Ohh and for added difficulty.. of course we are trying to pull this monster day off as a party of 3 using a pair of 8.1 PMI double ropes and simul-climbing followers... ;-)
Here is the rundown on our adventure this weekend..
- 12:30am arrive in the valley from the bay area.. rush to setup camp by headlamp.. (standard bay area weekend valley warrior routine)
- 1:00am sleep
- 3:00am wake up and fumble through slamming some coffee and breakfast trying to rub the lack of sleep out of our eyes
- 3:45am still half asleep start the standard formula 1 SUV ass hauling session up the 120 to the PC trailhead
- 4:30am arrive at PC trailhead and finish sorting gear and supplies for the grueling day ahead.. (functioning with the intellect of 4 year olds from the lack of sleep)
- 5:00am start slogging
- 6:30am arrived at the summit of North Dome.. feeling very tired already due to the lack of sleep and 5 mile slog.. we ended unintentionally taking a long time resting, eating breakfast 2.0 on the summit, and racking up for the routes...
- 7:50am error in judgement due to aforementioned 4 year old intellect from lack of sleep and sloggery..... because we were intending to do both routes, we wanted to stash our packs with resupply materials on the summit so it would be logistically simple to resupply between climbs... seems like a reasonable thought right? well unfortunately that reasonable thought led to the unreasonable decision not to slog all the way back to the saddle on north dome and to the proper decent to the start of the climbs.. but rather to head off on ramps down the side of north dome and hug the base down and around to the start of the climbs... very bad call.. massive helpings of sloggery, bushwhackery, and sketchery ensued....

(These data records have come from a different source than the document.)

(* Let $X\subset\mathbb{R}^p$ be compact, $\rho$ a probability measure on $X\times\mathbb{R}$ with marginal $\rho_X$ and regression function $f_\rho$, and $\mathcal{K}$ a Mercer kernel. Assume that for constants $c_\rho>0$, $0<\theta\le1$: $\rho_X(\{\mathbf{x}\in X:d(\mathbf{x},\partial X)<t\})\le c_\rho t$ for all $t>0$; $\rho_X$ has a density $p$ with $\sup_Xp\le c_\rho$ and $|p(\mathbf{x})-p(\mathbf{u})|\le c_\rho\|\mathbf{x}-\mathbf{u}\|^\theta$; and $\nabla f_\rho\in\mathbb{H}^p_{\mathcal{K}}$. Let $s>0$, $r\ge1$ and $\vec f\in\mathcal{F}_r$. Then $$\frac{\widetilde M_2\, s^{p+2+\theta}}{p}\int_{X_s}\|\vec f(\mathbf{x})-\nabla f_\rho(\mathbf{x})\|^2d\rho_X(\mathbf{x})\le Q(\vec f).$$
   Context: $d(\mathbf{x},\partial X)$ is the Euclidean distance to the boundary of $X$. $\mathbb{H}^p_{\mathcal{K}}$ is the $p$-fold product of the RKHS $\mathbb{H}_{\mathcal{K}}$ (norm $\|\cdot\|_{\mathcal{K}}$), and $\mathcal{F}_r=\{\vec f\in\mathbb{H}^p_{\mathcal{K}}:\sum_{i=1}^p\|f^i\|_{\mathcal{K}}\le r\}$. With $\omega^s(\mathbf{x})=\exp(-\|\mathbf{x}\|^2/(2s^2))$, $$Q(\vec f)=\int_X\int_X\omega^s(\mathbf{x}-\mathbf{u})\big((\vec f(\mathbf{x})-\nabla f_\rho(\mathbf{x}))\cdot(\mathbf{u}-\mathbf{x})\big)^2d\rho_X(\mathbf{x})\,d\rho_X(\mathbf{u}),$$ $X_s=\{\mathbf{x}\in X: d(\mathbf{x},\partial X)>s\text{ and }p(\mathbf{x})\ge(1+c_\rho)s^\theta\}$, and $\widetilde M_2=\int_{\|\mathbf{t}\|\le1,\ \mathbf{t}\in\mathbb{R}^p}e^{-\|\mathbf{t}\|^2/2}\|\mathbf{t}\|^2d\mathbf{t}$. *)

theory Defs
  imports "HOL-Analysis.Analysis" "HOL-Probability.Probability"
begin

text \<open>Finite kernel expansions  sum_i a_i K(x_i, .)  represented as lists of (point, coefficient).\<close>

definition kexp_eval :: "('a \<Rightarrow> 'a \<Rightarrow> real) \<Rightarrow> ('a \<times> real) list \<Rightarrow> 'a \<Rightarrow> real" where
  "kexp_eval K L x = (\<Sum>(y, a) \<leftarrow> L. a * K y x)"

definition kexp_norm :: "('a \<Rightarrow> 'a \<Rightarrow> real) \<Rightarrow> ('a \<times> real) list \<Rightarrow> real" where
  "kexp_norm K L = sqrt (\<Sum>(x, a) \<leftarrow> L. \<Sum>(y, b) \<leftarrow> L. a * b * K x y)"

definition kexp_minus :: "('a \<times> real) list \<Rightarrow> ('a \<times> real) list \<Rightarrow> ('a \<times> real) list" where
  "kexp_minus L M = L @ map (\<lambda>(y, b). (y, - b)) M"

definition mercer_kernel :: "'a::topological_space set \<Rightarrow> ('a \<Rightarrow> 'a \<Rightarrow> real) \<Rightarrow> bool" where
  "mercer_kernel X K \<longleftrightarrow>
     continuous_on (X \<times> X) (\<lambda>(x, y). K x y) \<and>
     (\<forall>x\<in>X. \<forall>y\<in>X. K x y = K y x) \<and>
     (\<forall>L. set (map fst L) \<subseteq> X \<longrightarrow> (\<Sum>(x, a) \<leftarrow> L. \<Sum>(y, b) \<leftarrow> L. a * b * K x y) \<ge> 0)"

text \<open>RKHS H_K on X as the completion of the span of the K(x,.), x in X:
  S is an approximating sequence for f if it is Cauchy in the pre-Hilbert norm and
  converges pointwise on X to f.\<close>

definition rkhs_approx :: "'a set \<Rightarrow> ('a \<Rightarrow> 'a \<Rightarrow> real) \<Rightarrow> ('a \<Rightarrow> real) \<Rightarrow> (nat \<Rightarrow> ('a \<times> real) list) \<Rightarrow> bool" where
  "rkhs_approx X K f S \<longleftrightarrow>
     (\<forall>n. set (map fst (S n)) \<subseteq> X) \<and>
     (\<forall>e>0. \<exists>N. \<forall>m\<ge>N. \<forall>n\<ge>N. kexp_norm K (kexp_minus (S m) (S n)) < e) \<and>
     (\<forall>x\<in>X. (\<lambda>n. kexp_eval K (S n) x) \<longlonglongrightarrow> f x)"

definition in_rkhs :: "'a set \<Rightarrow> ('a \<Rightarrow> 'a \<Rightarrow> real) \<Rightarrow> ('a \<Rightarrow> real) \<Rightarrow> bool" where
  "in_rkhs X K f \<longleftrightarrow> (\<exists>S. rkhs_approx X K f S)"

definition rkhs_norm :: "'a set \<Rightarrow> ('a \<Rightarrow> 'a \<Rightarrow> real) \<Rightarrow> ('a \<Rightarrow> real) \<Rightarrow> real" where
  "rkhs_norm X K f = Inf {lim (\<lambda>n. kexp_norm K (S n)) | S. rkhs_approx X K f S}"

definition F_ball :: "'a::euclidean_space set \<Rightarrow> ('a \<Rightarrow> 'a \<Rightarrow> real) \<Rightarrow> real \<Rightarrow> ('a \<Rightarrow> 'a) set" where
  "F_ball X K r = {f. (\<forall>i\<in>Basis. in_rkhs X K (\<lambda>x. f x \<bullet> i)) \<and>
                      (\<Sum>i\<in>Basis. rkhs_norm X K (\<lambda>x. f x \<bullet> i)) \<le> r}"

definition omega :: "real \<Rightarrow> 'a::real_normed_vector \<Rightarrow> real" where
  "omega s x = exp (- (norm x)\<^sup>2 / (2 * s\<^sup>2))"

definition Q_fun :: "'a::euclidean_space set \<Rightarrow> 'a measure \<Rightarrow> real \<Rightarrow> ('a \<Rightarrow> 'a) \<Rightarrow> ('a \<Rightarrow> 'a) \<Rightarrow> real" where
  "Q_fun X \<mu> s g f =
     (LINT u:X|\<mu>. (LINT x:X|\<mu>. omega s (x - u) * ((f x - g x) \<bullet> (u - x))\<^sup>2))"

definition X_s :: "'a::euclidean_space set \<Rightarrow> ('a \<Rightarrow> real) \<Rightarrow> real \<Rightarrow> real \<Rightarrow> real \<Rightarrow> 'a set" where
  "X_s X pd c \<theta> s = {x\<in>X. infdist x (frontier X) > s \<and> pd x \<ge> (1 + c) * s powr \<theta>}"

definition M2_tilde :: "'a::euclidean_space itself \<Rightarrow> real" where
  "M2_tilde _ = (LINT t:(cball (0::'a) 1)|lborel. exp (- (norm t)\<^sup>2 / 2) * (norm t)\<^sup>2)"

end

theory Submission
  imports Defs
begin

(*
  By Tonelli, Q(f) integrates over x the inner integral of
  u |-> omega(x - u) ((f x - grad x) . (u - x))^2 against rho_X. For x in X_s the ball of radius s
  around x lies in X and, by the Hoelder bound on the density, p >= s^theta on it. Restricting the
  inner integral to this ball and substituting u = x + s t leaves
  s^(p+2+theta) * integral over |t| <= 1 of exp(-|t|^2/2) (h . t)^2 dt,  h = f x - grad x,
  and since the weight is invariant under reflecting and permuting coordinates this equals
  s^(p+2+theta) |h|^2 M2/p. The RKHS hypotheses only serve to make f - grad bounded and Borel on X,
  so that the Bochner integrals defining Q agree with nonnegative ones.
*)

section \<open>Kernel expansions and functions in the RKHS\<close>

lemma quadratic_nonneg_imp_discrim_le:
  fixes q e k :: real
  assumes "0 \<le> k" and nonneg: "\<And>t. 0 \<le> q + 2 * t * e + t\<^sup>2 * k"
  shows "e\<^sup>2 \<le> q * k"
proof (cases "k = 0")
  case True
  have "e = 0"
  proof (rule ccontr)
    assume "e \<noteq> 0"
    with nonneg[of "- (q + 1) / (2 * e)"] True show False by (simp add: field_simps)
  qed
  with True show ?thesis by simp
next
  case False
  with \<open>0 \<le> k\<close> have "k > 0" by simp
  have "0 \<le> q + 2 * (- e / k) * e + (- e / k)\<^sup>2 * k" by (rule nonneg)
  also have "\<dots> = q - e\<^sup>2 / k" using \<open>k > 0\<close> by (simp add: field_simps power2_eq_square)
  finally show ?thesis using \<open>k > 0\<close> by (simp add: field_simps)
qed

definition kexp_gram :: "('a \<Rightarrow> 'a \<Rightarrow> real) \<Rightarrow> ('a \<times> real) list \<Rightarrow> real" where
  "kexp_gram K L = (\<Sum>(x, a) \<leftarrow> L. \<Sum>(y, b) \<leftarrow> L. a * b * K x y)"

lemma kexp_gram_snoc:
  assumes "\<And>y. y \<in> fst ` set L \<Longrightarrow> K x y = K y x"
  shows "kexp_gram K (L @ [(x, t)]) = kexp_gram K L + 2 * t * kexp_eval K L x + t\<^sup>2 * K x x"
proof -
  have "(\<Sum>(y, a) \<leftarrow> L. a * t * K y x) = t * kexp_eval K L x"
    unfolding kexp_eval_def by (induction L) (auto simp: algebra_simps)
  moreover have "(\<Sum>(y, b) \<leftarrow> L. t * b * K x y) = t * kexp_eval K L x"
    using assms unfolding kexp_eval_def by (induction L) (auto simp: algebra_simps)
  ultimately show ?thesis
    unfolding kexp_gram_def
    by (simp add: case_prod_unfold sum_list_addf algebra_simps power2_eq_square)
qed

lemma mercer_kernel_gram_nonneg:
  "mercer_kernel X K \<Longrightarrow> fst ` set L \<subseteq> X \<Longrightarrow> 0 \<le> kexp_gram K L"
  unfolding mercer_kernel_def kexp_gram_def by simp

lemma mercer_kernel_diag_nonneg: "mercer_kernel X K \<Longrightarrow> x \<in> X \<Longrightarrow> 0 \<le> K x x"
  using mercer_kernel_gram_nonneg[of X K "[(x, 1)]"] by (simp add: kexp_gram_def)

lemma kexp_norm_sq: "mercer_kernel X K \<Longrightarrow> fst ` set L \<subseteq> X \<Longrightarrow> (kexp_norm K L)\<^sup>2 = kexp_gram K L"
  by (simp add: kexp_norm_def kexp_gram_def[symmetric] mercer_kernel_gram_nonneg)

lemma kexp_eval_sq_le:
  assumes K: "mercer_kernel X K" and L: "fst ` set L \<subseteq> X" and x: "x \<in> X"
  shows "(kexp_eval K L x)\<^sup>2 \<le> (kexp_norm K L)\<^sup>2 * K x x"
proof -
  have "0 \<le> kexp_gram K L + 2 * t * kexp_eval K L x + t\<^sup>2 * K x x" for t
  proof -
    have "0 \<le> kexp_gram K (L @ [(x, t)])" using K L x by (intro mercer_kernel_gram_nonneg) auto
    also have "\<dots> = kexp_gram K L + 2 * t * kexp_eval K L x + t\<^sup>2 * K x x"
      using K L x by (intro kexp_gram_snoc) (auto simp: mercer_kernel_def)
    finally show ?thesis .
  qed
  then show ?thesis
    using quadratic_nonneg_imp_discrim_le mercer_kernel_diag_nonneg[OF K x] kexp_norm_sq[OF K L] by simp
qed

lemma kexp_norm_nonneg: "mercer_kernel X K \<Longrightarrow> fst ` set L \<subseteq> X \<Longrightarrow> 0 \<le> kexp_norm K L"
  by (simp add: kexp_norm_def kexp_gram_def[symmetric] mercer_kernel_gram_nonneg)

lemma kexp_eval_abs_le:
  assumes K: "mercer_kernel X K" and L: "fst ` set L \<subseteq> X" and x: "x \<in> X"
  shows "\<bar>kexp_eval K L x\<bar> \<le> kexp_norm K L * sqrt (K x x)"
proof -
  have "\<bar>kexp_eval K L x\<bar> = sqrt ((kexp_eval K L x)\<^sup>2)" by simp
  also have "\<dots> \<le> sqrt ((kexp_norm K L)\<^sup>2 * K x x)"
    using kexp_eval_sq_le[OF assms] by (rule real_sqrt_le_mono)
  also have "\<dots> = kexp_norm K L * sqrt (K x x)"
    using kexp_norm_nonneg[OF K L] by (simp add: real_sqrt_mult)
  finally show ?thesis .
qed

lemma kexp_eval_minus: "kexp_eval K (kexp_minus L M) x = kexp_eval K L x - kexp_eval K M x"
  unfolding kexp_eval_def kexp_minus_def by (induction M) (auto simp: case_prod_unfold o_def)

lemma continuous_on_kexp_eval:
  assumes K: "mercer_kernel X K" and L: "fst ` set L \<subseteq> X"
  shows "continuous_on X (kexp_eval K L)"
proof -
  have KC: "continuous_on (X \<times> X) (\<lambda>(x, y). K x y)" using K unfolding mercer_kernel_def by blast
  have "continuous_on X (K y)" if "y \<in> X" for y
    using continuous_on_compose2[OF KC continuous_on_Pair[OF continuous_on_const continuous_on_id]] that
    by auto
  then show ?thesis
    using L unfolding kexp_eval_def by (induction L) (auto intro!: continuous_intros)
qed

- 10:15am arrive at the start of the climbs.. OMG seriously? it took us that long to get down here? so now we are running very late, and the likelihood of pulling off both routes today is quickly disappearing.. the idea behind the 3am start was to be starting the first route by no later than 7am... now we are over 3 hours behind schedule as a party of three... now also due to our silly choice of approach strategy's we are finding 3 other parties at the base of the climbs.. @#$@##$ .. so we start the standard discussion of "which route are you guys doing?" and so forth... one party was heading up CJ and the other SF... DAMN... looks like we are waiting.... we didnt care which route we did first... we were just hoping one of them would be free for us start up without waiting..... the SF party was kind enough to let us go first.... maybe we can still pull this off... we should be able to sprint up the 5.7 and then do the correct decent back to CJ latter in the day... lets do this!!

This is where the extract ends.